EPSRC Reference: EP/M018946/1
Title: Open Domain Statistical Spoken Dialogue Systems
Principal Investigator: Young, Professor SJ
Other Investigators:
Researcher Co-Investigators:
Project Partners:
VocalIQ Limited
Department: Engineering
Organisation: University of Cambridge
Scheme: Standard Research
Starts: 01 April 2015 Ends: 31 March 2018 Value (£): 603,425
EPSRC Research Topic Classifications:
Artificial Intelligence Comput./Corpus Linguistics
Human Communication in ICT
EPSRC Industrial Sector Classifications:
Information Technologies Communications
Related Grants:
Panel History:
Panel DatePanel NameOutcome
02 Dec 2014 EPSRC ICT Prioritisation Panel - Dec 2014 Announced
Summary on Grant Application Form
Spoken Dialogue Systems (SDS) encompass the technologies required to build effective man-machine interfaces which depend primarily on voice. To date they have mostly been deployed in telephone-based call centre applications such as banking, billing queries and travel information and they are built using hand-crafted rules.

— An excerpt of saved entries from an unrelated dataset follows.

lemma has_real_derivative_Lcov_line:
  fixes r :: "real^'n^'n"
  assumes sym: "\<forall>p q. r$p$q = r$q$p" and pos: "quad_form r t > 0"
  shows "((\<lambda>y. Lcov r (t + y *\<^sub>R axis k 1) m) has_real_derivative
           (r$m$k - Lcov r t m * Lcov r t k) / Snorm r t) (at 0)"
proof -
  have "((\<lambda>y. (r *v t)$m + y * r$m$k) has_real_derivative r$m$k) (at 0)"
    by (auto intro!: derivative_eq_intros)
  from DERIV_divide[OF this has_real_derivative_Snorm_line[OF sym pos]] Snorm_pos[OF pos]
  have "((\<lambda>y. ((r *v t)$m + y * r$m$k) / Snorm r (t + y *\<^sub>R axis k 1)) has_real_derivative
      (r$m$k * Snorm r t - (r *v t)$m * Lcov r t k) / (Snorm r t * Snorm r t)) (at 0)"
    by simp
  moreover have "(r$m$k * Snorm r t - (r *v t)$m * Lcov r t k) / (Snorm r t * Snorm r t)
      = (r$m$k - Lcov r t m * Lcov r t k) / Snorm r t"
    using Snorm_pos[OF pos] by (simp add: Lcov_altdef field_simps)
  ultimately show ?thesis
    unfolding Lcov_altdef[of r "t + _"] matrix_vector_mult_line by simp
qed

lemma partial_qe_metric:
  fixes r :: "real^'n^'n"
  assumes sym: "\<forall>p q. r$p$q = r$q$p" and pos: "quad_form r t > 0"
  shows "partial (\<lambda>x. qe_metric g r x m s) k t = - ((Gpar g)^2 / 4) *
    (r$m$k * Lcov r t s + r$s$k * Lcov r t m - 2 * Lcov r t m * Lcov r t s * Lcov r t k) / Snorm r t"
proof -
  have "((\<lambda>y. qe_metric g r (t + y *\<^sub>R axis k 1) m s) has_real_derivative
      - (1/4) * (Gpar g)^2 * ((r$m$k - Lcov r t m * Lcov r t k) / Snorm r t * Lcov r t s
        + Lcov r t m * ((r$s$k - Lcov r t s * Lcov r t k) / Snorm r t))) (at 0)"
    unfolding qe_metric_def using Snorm_pos[OF pos]
    by (auto intro!: derivative_eq_intros has_real_derivative_Lcov_line[OF sym pos] simp: field_simps)
  then have "partial (\<lambda>x. qe_metric g r x m s) k t
      = - (1/4) * (Gpar g)^2 * ((r$m$k - Lcov r t m * Lcov r t k) / Snorm r t * Lcov r t s
        + Lcov r t m * ((r$s$k - Lcov r t s * Lcov r t k) / Snorm r t))"
    unfolding partial_def by (rule DERIV_imp_deriv)
  also have "\<dots> = - ((Gpar g)^2 / 4) *
    (r$m$k * Lcov r t s + r$s$k * Lcov r t m - 2 * Lcov r t m * Lcov r t s * Lcov r t k) / Snorm r t"
    using Snorm_pos[OF pos] by (simp add: field_simps)
  finally show ?thesis .
qed

lemma christoffel_combination:
  fixes r :: "real^'n^'n"
  assumes sym: "\<forall>p q. r$p$q = r$q$p" and pos: "quad_form r t > 0"
  shows "partial (\<lambda>x. qe_metric g r x j m) q t + partial (\<lambda>x. qe_metric g r x j q) m t
      - partial (\<lambda>x. qe_metric g r x q m) j t
    = - ((Gpar g)^2 / 2) * (r$q$m - Lcov r t q * Lcov r t m) / Snorm r t * Lcov r t j"
  using sym Snorm_pos[OF pos] by (simp add: partial_qe_metric[OF sym pos] field_simps)

section \<open>Christoffel symbols and geodesics\<close>

lemma hpar_sq:
  assumes "-2 < g" "g < 2"
  shows "g^2 < 4" and "(hpar g)^2 = 1 - g^2 / 4"
proof -
  have "0 < (2 - g) * (2 + g)"
    using assms by (intro mult_pos_pos) auto
  then show "g^2 < 4"
    by (simp add: algebra_simps power2_eq_square)
  then show "(hpar g)^2 = 1 - g^2 / 4"
    by (simp add: hpar_def)
qed

lemma hpar_pos: "-2 < g \<Longrightarrow> g < 2 \<Longrightarrow> hpar g > 0"
  using hpar_sq(1) by (simp add: hpar_def)

lemma hpar_Gpar_identity: "-2 < g \<Longrightarrow> g < 2 \<Longrightarrow> 1 / (hpar g)^2 - (Gpar g)^2 / 4 = 1"
  using hpar_sq[of g] hpar_pos[of g] by (simp add: Gpar_def power_divide field_simps)

lemma qe_metric_matrix_mult:
  "(qe_metric_matrix g r t *v u)$p
    = (r *v u)$p / (hpar g)^2 - (Gpar g)^2 / 4 * Lcov r t p * (\<Sum>q\<in>UNIV. Lcov r t q * u$q)"
  by (simp add: qe_metric_matrix_def qe_metric_def matrix_vector_mult_def sum_subtractf
      sum_distrib_left sum_divide_distrib algebra_simps)

lemma qe_metric_matrix_mult_self:
  fixes r :: "real^'n^'n"
  assumes pos: "quad_form r t > 0" and g: "-2 < g" "g < 2"
  shows "qe_metric_matrix g r t *v t = r *v t"
proof -
  have "(qe_metric_matrix g r t *v t)$p = (r *v t)$p * (1 / (hpar g)^2 - (Gpar g)^2 / 4)" for p
    using Snorm_pos[OF pos]
    unfolding qe_metric_matrix_mult sum_Lcov_mult_self[OF pos] Lcov_altdef[of r t p]
    by (simp add: field_simps)
  then show ?thesis
    by (simp add: vec_eq_iff hpar_Gpar_identity[OF g])
qed

lemma qe_metric_matrix_kernel:
  fixes r :: "real^'n^'n"
  assumes sym: "\<forall>p q. r$p$q = r$q$p"
    and pd: "\<forall>x::real^'n. x \<noteq> 0 \<longrightarrow> quad_form r x > 0"
    and pos: "quad_form r t > 0" and g: "-2 < g" "g < 2"
    and ker: "qe_metric_matrix g r t *v u = 0"
  shows "u = 0"
proof -
  define Lu where "Lu = (\<Sum>q\<in>UNIV. Lcov r t q * u$q)"
  define c where "c = (hpar g)^2 * ((Gpar g)^2 / 4)"
  have ru: "(r *v u)$p = c * Lcov r t p * Lu" for p
    using arg_cong[OF ker, of "\<lambda>v. v$p"] hpar_pos[OF g]
    unfolding qe_metric_matrix_mult Lu_def[symmetric] c_def by (simp add: field_simps)
  have "(\<Sum>p\<in>UNIV. t$p * (r *v u)$p) = (\<Sum>q\<in>UNIV. (r *v t)$q * u$q)"
    by (simp add: matrix_vector_mult_def sum_distrib_left sum_distrib_right,
        subst sum.swap, simp add: sym mult_ac)
  also have "\<dots> = Snorm r t * Lu"
    using Snorm_pos[OF pos] by (simp add: Lu_def Lcov_altdef sum_distrib_left)
  finally have "Snorm r t * Lu = c * Lu * Snorm r t"
    unfolding ru sum_Lcov_mult_self[OF pos, symmetric]
    by (simp add: sum_distrib_left mult_ac)
  moreover have "1 - c = (hpar g)^2"
    using hpar_Gpar_identity[OF g] hpar_pos[OF g] by (simp add: c_def field_simps)
  ultimately have "Lu = 0"
    using hpar_pos[OF g] Snorm_pos[OF pos] by (auto simp: algebra_simps)
  then have "quad_form r u = 0"
    by (simp add: quad_form_altdef ru)
  then show "u = 0"
    using pd by force
qed

lemma matrix_inv_mult_left:
  fixes A :: "'a::semiring_1^'n^'m"
  assumes "invertible A"
  shows "matrix_inv A ** A = mat 1"
  using someI_ex[OF assms[unfolded invertible_def]] by (simp add: matrix_inv_def)

lemma qe_metric_matrix_inv_mult:
  fixes r :: "real^'n^'n"
  assumes sym: "\<forall>p q. r$p$q = r$q$p"
    and pd: "\<forall>x::real^'n. x \<noteq> 0 \<longrightarrow> quad_form r x > 0"
    and pos: "quad_form r t > 0" and g: "-2 < g" "g < 2"
  shows "matrix_inv (qe_metric_matrix g r t) *v (r *v t) = t"
proof -
  let ?N = "qe_metric_matrix g r t"
  have "invertible ?N"
    using qe_metric_matrix_kernel[OF sym pd pos g] matrix_left_invertible_ker
    by (metis invertible_left_inverse)
  then have "matrix_inv ?N ** ?N = mat 1"
    by (rule matrix_inv_mult_left)
  then show ?thesis
    by (metis qe_metric_matrix_mult_self[OF pos g] matrix_vector_mul_assoc matrix_vector_mul_lid)
qed

lemma qe_inv_metric_Lcov:
  fixes r :: "real^'n^'n"
  assumes sym: "\<forall>p q. r$p$q = r$q$p"
    and pd: "\<forall>x::real^'n. x \<noteq> 0 \<longrightarrow> quad_form r x > 0"
    and pos: "quad_form r t > 0" and g: "-2 < g" "g < 2"
  shows "(\<Sum>j\<in>UNIV. qe_inv_metric g r t p j * Lcov r t j) = t$p / Snorm r t"
proof -
  have "(\<Sum>j\<in>UNIV. qe_inv_metric g r t p j * (r *v t)$j) = t$p"
    using arg_cong[OF qe_metric_matrix_inv_mult[OF sym pd pos g], of "\<lambda>v. v$p"]
    by (simp add: qe_inv_metric_def matrix_vector_mult_def)
  then show ?thesis
    by (simp add: Lcov_altdef flip: sum_divide_distrib)
qed

lemma christoffel_eq:
  fixes r :: "real^'n^'n"
  assumes sym: "\<forall>p q. r$p$q = r$q$p"
    and pd: "\<forall>x::real^'n. x \<noteq> 0 \<longrightarrow> quad_form r x > 0"
    and pos: "quad_form r t > 0" and g: "-2 < g" "g < 2"
  shows "christoffel g r t q p m
    = - ((Gpar g)^2 / 4) * (r$q$m - Lcov r t q * Lcov r t m) / (Snorm r t)^2 * t$p"
proof -
  define \<kappa> where "\<kappa> = - ((Gpar g)^2 / 2) * (r$q$m - Lcov r t q * Lcov r t m) / Snorm r t"
  have "christoffel g r t q p m = (1/2) * (\<Sum>j\<in>UNIV. qe_inv_metric g r t p j * (\<kappa> * Lcov r t j))"
    unfolding christoffel_def christoffel_combination[OF sym pos] \<kappa>_def by (simp add: mult_ac)
  also have "\<dots> = (1/2) * \<kappa> * (t$p / Snorm r t)"
    by (simp add: qe_inv_metric_Lcov[OF sym pd pos g, symmetric] sum_distrib_left mult_ac)
  finally show ?thesis
    by (simp add: \<kappa>_def power2_eq_square)
qed

lemma qe_geodesic_radial_acceleration:
  fixes r :: "real^'n^'n"
  assumes sym: "\<forall>p q. r$p$q = r$q$p"
    and pd: "\<forall>x::real^'n. x \<noteq> 0 \<longrightarrow> quad_form r x > 0"
    and g: "-2 < g" "g < 2"
    and "qe_geodesic g r c a b"
  obtains c' \<mu> where "\<And>s. s \<in> {a<..<b} \<Longrightarrow> c s \<noteq> 0"
    and "\<And>s. s \<in> {a<..<b} \<Longrightarrow> (c has_vector_derivative c' s) (at s)"
    and "\<And>s. s \<in> {a<..<b} \<Longrightarrow> (c' has_vector_derivative \<mu> s *\<^sub>R c s) (at s)"
proof -
  obtain c' c'' where geo: "\<forall>s\<in>{a<..<b}. c s \<noteq> 0 \<and>
        (c has_vector_derivative c' s) (at s) \<and>
        (c' has_vector_derivative c'' s) (at s) \<and>
        (\<forall>p. c'' s $ p + (\<Sum>q\<in>UNIV. \<Sum>m\<in>UNIV.
                 christoffel g r (c s) q p m * c' s $ q * c' s $ m) = 0)"
    using assms(5) unfolding qe_geodesic_def by blast
  define K where "K t q m = - ((Gpar g)^2 / 4) * (r$q$m - Lcov r t q * Lcov r t m) / (Snorm r t)^2"
    for t q m
  define \<mu> where "\<mu> s = - (\<Sum>q\<in>UNIV. \<Sum>m\<in>UNIV. K (c s) q m * c' s $ q * c' s $ m)" for s
  have "c'' s = \<mu> s *\<^sub>R c s" if s: "s \<in> {a<..<b}" for s
  proof -
    note geo_s = bspec[OF geo s]
    have pos: "quad_form r (c s) > 0"
      using pd geo_s by simp
    have "c'' s $ p = \<mu> s * c s $ p" for p
    proof -
      have "(\<Sum>q\<in>UNIV. \<Sum>m\<in>UNIV. christoffel g r (c s) q p m * c' s $ q * c' s $ m)
          = c s $ p * (\<Sum>q\<in>UNIV. \<Sum>m\<in>UNIV. K (c s) q m * c' s $ q * c' s $ m)"
        unfolding christoffel_eq[OF sym pd pos g] K_def[symmetric]
        by (simp add: sum_distrib_left mult_ac)
      moreover have "c'' s $ p + (\<Sum>q\<in>UNIV. \<Sum>m\<in>UNIV.
                 christoffel g r (c s) q p m * c' s $ q * c' s $ m) = 0"
        using geo_s by blast
      ultimately show ?thesis
        unfolding \<mu>_def by (simp add: algebra_simps)
    qed
    then show ?thesis
      by (simp add: vec_eq_iff)
  qed
  with geo show thesis
    by (intro that[of c' \<mu>]) auto
qed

The recent introduction of Apple Siri and Google Now has moved voice-based interfaces into the main-stream. These virtual personal assistants (VPAs) offer the potential to revolutionise the way we interact with machines, and they open the way to properly control and manage the emerging Internet of Things - the rapidly growing network of smart devices which lack any form of conventional user interface. However, current personal assistants are built using the same technology as limited domain spoken dialogue systems. They are not capable of sustaining conversational dialogues except within the selected limited domains which they have been explicitly programmed to handle.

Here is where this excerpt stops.